Before we re-organised, all the shelves looked a bit like this one. Although items were roughly grouped together, they were often moved when trying to find things or to fit in new things. Lots of items were stacked on top of each other, as the shelves are deep and tall.




A few inexpensive shelf inserts were all it took to make the space more usable and then it was simply a case of grouping items logically – preserves are at the top; sugar and sweet baking items are next along with a few other sweet items such as tinned fruit, speculoos spread and cereals; below that is a shelf full of savoury foods including staples such as flour, pasta and rice as well as olives and a couple of pasta sauces. The bottom two shelves are set aside for drinks and the door shelf units hold shorter term snacks such as biscuits.

The cupboard was reorganised a few months ago and so far, it’s proved to be fairly easy to keep it orderly.

The next improvement will be a list on the inside of the door to list the contents of each shelf. However as there are many more items than in the freezer, I think our freezer whiteboard solution won’t work. Any ideas?

Kitchen Organisation: Freezer

When I was a kid, mum had an enormous chest freezer. I have strong memories of being asked to go and fetch something and having to move half the contents around in order to find something right at the bottom, not to mention my fear of falling in and freezing to death!

So we don’t have a chest freezer.

Instead, we have an under-counter fridge (with no space wasted with tiny box freezer compartment) and a separate upright freezer with drawers. It’s fairly old now, but – touch wood – it’s still working fine.

The main challenge over the years has been to remember what we have in it, and which drawer everything is in.

Previously, we’d periodically take everything out into cool boxes and re-sort the contents back into themed drawers, one for meat, one for frozen ingredients such as vegetables and stock, another for frozen meals… but the problem was that, over time, new items were inevitably shoved in wherever we could find space, items were moved around and the system fell apart.

This is what I came up with a few years ago:

Our solution

  • Fix a large sheet of sticky-back white board to the front of the freezer. This is not expensive, and available from stationery suppliers.
  • Draw lines to divide the white board into drawers, as per your freezer unit.
  • Use a white board pen to write down everything that goes into the freezer, in the space for the relevant drawer.
  • Whenever you take something out to use, rub it off the board.
  • If you move something to make space for something else, update the board with its new drawer location.
  • If an item has a short freezer life, add the date you put it into the freezer.
  • Regularly scan the list so you can make plans to use up older items, and avoid buying items you already have.


It might not be the most attractive appliance, but our kitchen wouldn’t be featured in any home design magazine anyway!
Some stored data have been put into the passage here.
lemma stab_set_perturbation:
  fixes A :: "real^'nx^'nx" and B :: "real^'nu^'nx" and K K' :: "real^'nx^'nu"
  assumes exterior: "\<And>z y. 1 \<le> cmod z \<Longrightarrow> norm y \<le> C * norm ((mat z - cmat (A - B ** K)) *v y)"
    and "C \<ge> 0" and small: "C * (norm B * norm (K' - K)) < 1"
  shows "K' \<in> stab_set A B"
proof -
  have "norm (cmat (B ** (K' - K)) *v y) \<le> norm B * norm (K' - K) * norm y" for y
  proof -
    have "norm (cmat (B ** (K' - K)) *v y) \<le> norm (cmat B) * norm (cmat (K' - K) *v y)"
      unfolding cmat_mult matrix_vector_mul_assoc[symmetric] by (rule norm_matrix_vector_mult_le)
    also have "\<dots> \<le> norm (cmat B) * (norm (cmat (K' - K)) * norm y)"
      by (intro mult_left_mono norm_matrix_vector_mult_le norm_ge_zero)
    finally show ?thesis
      by (simp add: norm_cmat mult.assoc)
  qed
  moreover have "B ** K' = B ** K + B ** (K' - K)"
    by (simp flip: matrix_add_ldistrib)
  then have "cmat (A - B ** K') = cmat (A - B ** K) - cmat (B ** (K' - K))"
    by (simp add: cmat_def vec_eq_iff)
  ultimately show ?thesis
    unfolding stab_set_iff using perturbed_eigenvalues_in_disc[OF exterior _ \<open>C \<ge> 0\<close> small]
    by auto
qed

lemma Jcost_sublevel_neighbourhood:
  fixes A :: "real^'nx^'nx" and B :: "real^'nu^'nx" and Q :: "real^'nx^'nx" and R :: "real^'nu^'nu"
  assumes Q: "sym_pd Q" and R: "sym_pd R" and "C > 0"
  shows "\<exists>\<delta>>0. \<forall>K\<in>stab_set A B. Jcost A B Q R K \<le> C \<longrightarrow> ball K \<delta> \<subseteq> stab_set A B"
proof -
  obtain q r where q: "\<And>a. q * (norm a)\<^sup>2 \<le> a \<bullet> (Q *v a)" and "q > 0"
    and r: "\<And>b. r * (norm b)\<^sup>2 \<le> b \<bullet> (R *v b)" and "r > 0"
    using sym_pd_lower_bound[OF Q] sym_pd_lower_bound[OF R] by metis
  define C' where "C' = C / sqrt q"
  define \<delta> where "\<delta> = 1 / (C' * (norm B + 1))"
  have "C' > 0" "norm B + 1 > 0" "\<delta> > 0"
    using \<open>C > 0\<close> \<open>q > 0\<close> by (simp_all add: C'_def \<delta>_def add_nonneg_pos)
  have "K' \<in> stab_set A B" if K: "K \<in> stab_set A B" and "Jcost A B Q R K \<le> C" and "K' \<in> ball K \<delta>"
    for K K'
  proof (rule stab_set_perturbation)
    let ?J = "Jcost A B Q R K" and ?N = "cmat (A - B ** K)"
    have "0 \<le> ?J"
      by (rule Jcost_bounds(1)[OF K Q R])
    have circle: "norm y \<le> C' * norm ((mat z - ?N) *v y)" if "cmod z = 1" for z y
    proof (unfold C'_def, rule power2_le_imp_le_div_sqrt)
      have "q * (norm y)\<^sup>2 \<le> q * (norm y)\<^sup>2 + r * (norm (cmat K *v y))\<^sup>2"
        using \<open>r > 0\<close> by simp
      also have "\<dots> \<le> ?J\<^sup>2 * (norm ((mat z - ?N) *v y))\<^sup>2"
        by (rule Jcost_circle_bound[OF K Q R q r that])
      also have "\<dots> \<le> C\<^sup>2 * (norm ((mat z - ?N) *v y))\<^sup>2"
        using \<open>0 \<le> ?J\<close> \<open>?J \<le> C\<close> by (intro mult_right_mono power_mono) simp_all
      finally show "q * (norm y)\<^sup>2 \<le> C\<^sup>2 * (norm ((mat z - ?N) *v y))\<^sup>2" .
    qed (use \<open>q > 0\<close> \<open>C > 0\<close> in auto)
    show "norm y \<le> C' * norm ((mat z - ?N) *v y)" if "1 \<le> cmod z" for z y
      using K resolvent_bound_exterior[OF _ circle _ that] \<open>C' > 0\<close> by (simp add: stab_set_iff)
    show "C' \<ge> 0"
      using \<open>C' > 0\<close> by simp
    have "norm B * norm (K' - K) \<le> norm B * \<delta>"
      using \<open>K' \<in> ball K \<delta>\<close> by (intro mult_left_mono) (auto simp: dist_norm norm_minus_commute)
    also have "\<dots> < (norm B + 1) * \<delta>"
      using \<open>\<delta> > 0\<close> by simp
    also have "\<dots> = 1 / C'"
      using \<open>norm B + 1 > 0\<close> by (simp add: \<delta>_def)
    finally show "C' * (norm B * norm (K' - K)) < 1"
      using \<open>C' > 0\<close> by (simp add: field_simps)
  qed
  with \<open>\<delta> > 0\<close> show ?thesis
    by blast
qed

lemma filterlim_at_top_approaching_frontier:
  fixes J :: "'a::metric_space \<Rightarrow> real"
  assumes uniform: "\<And>C. C > 0 \<Longrightarrow> \<exists>\<delta>>0. \<forall>x\<in>S. J x \<le> C \<longrightarrow> ball x \<delta> \<subseteq> S"
    and "\<forall>l. X l \<in> S" and "X \<longlonglongrightarrow> x0" and "x0 \<in> frontier S"
  shows "filterlim (\<lambda>l. J (X l)) at_top sequentially"
  unfolding filterlim_at_top
proof (rule ccontr)
  assume "\<not> (\<forall>Z. \<forall>\<^sub>F l in sequentially. Z \<le> J (X l))"
  then obtain Z where "\<exists>\<^sub>F l in sequentially. J (X l) < Z"
    by (auto simp: not_eventually not_le)
  obtain \<delta> where "\<delta> > 0" and \<delta>: "\<And>x. x \<in> S \<Longrightarrow> J x \<le> max Z 1 \<Longrightarrow> ball x \<delta> \<subseteq> S"
    using uniform[of "max Z 1"] by (metis max.strict_coboundedI2 zero_less_one)
  have "\<forall>\<^sub>F l in sequentially. dist (X l) x0 < \<delta>"
    using \<open>X \<longlonglongrightarrow> x0\<close> \<open>\<delta> > 0\<close> by (rule tendstoD)
  with \<open>\<exists>\<^sub>F l in sequentially. J (X l) < Z\<close>
  obtain l where "J (X l) < Z" and "dist (X l) x0 < \<delta>"
    by (metis (mono_tags, lifting) frequently_eventually_conj frequently_ex)
  then have "ball (X l) \<delta> \<subseteq> S" and "x0 \<in> ball (X l) \<delta>"
    using \<delta>[of "X l"] \<open>\<forall>l. X l \<in> S\<close> by simp_all
  then have "x0 \<in> interior S"
    by (meson interiorI open_ball)
  with \<open>x0 \<in> frontier S\<close> show False
    by (simp add: frontier_def)
qed

theorem lemma1:
  fixes A :: "real^'nx^'nx" and B :: "real^'nu^'nx"
    and Q :: "real^'nx^'nx" and R :: "real^'nu^'nu"
    and K :: "nat \<Rightarrow> real^'nx^'nu"
  assumes "sym_pd Q" and "sym_pd R" and "stabilizable A B"
    and "\<forall>l. K l \<in> stab_set A B"
    and "filterlim (\<lambda>l. norm (K l)) at_top sequentially
         \<or> (\<exists>K0 \<in> frontier (stab_set A B). K \<longlonglongrightarrow> K0)"
  shows "filterlim (\<lambda>l. Jcost A B Q R (K l)) at_top sequentially"
  using assms(5)
proof
  assume "filterlim (\<lambda>l. norm (K l)) at_top sequentially"
  obtain c where "c > 0" and c: "\<And>K. K \<in> stab_set A B \<Longrightarrow> c * norm K \<le> Jcost A B Q R K"
    using Jcost_dominates_norm[OF assms(1,2)] by blast
  have "filterlim (\<lambda>l. c * norm (K l)) at_top sequentially"
    using tendsto_const \<open>c > 0\<close> \<open>filterlim (\<lambda>l. norm (K l)) at_top sequentially\<close>
    by (rule filterlim_tendsto_pos_mult_at_top)
  then show ?thesis
    by (rule filterlim_at_top_mono) (use c assms(4) in auto)
next
  assume "\<exists>K0 \<in> frontier (stab_set A B). K \<longlonglongrightarrow> K0"
  then obtain K0 where "K \<longlonglongrightarrow> K0" and "K0 \<in> frontier (stab_set A B)"
    by blast
  with Jcost_sublevel_neighbourhood[OF assms(1,2)] assms(4) show ?thesis
    by (rule filterlim_at_top_approaching_frontier)
qed

end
And it works very well for us.

What do you think?

Do you have any tips to share for better kitchen organisation?


Note: I wrote this post a couple of weeks ago, and it’s been sitting in the scheduled posts queue since then. Some of you will have seen my anguished tweets a couple of days ago when we returned home from a couple of days in Kent to discover that our freezer was switched off. (One of us must have knocked the power switch, accidentally). Having the information on the front allowed us to more quickly check the status of the contents without keeping the freezer open very long. We discovered that the top shelf and the lower two drawers, both less densely packed, had suffered most but that the contents of the meat drawer, chock full and with other drawers above and below, were still frozen solid.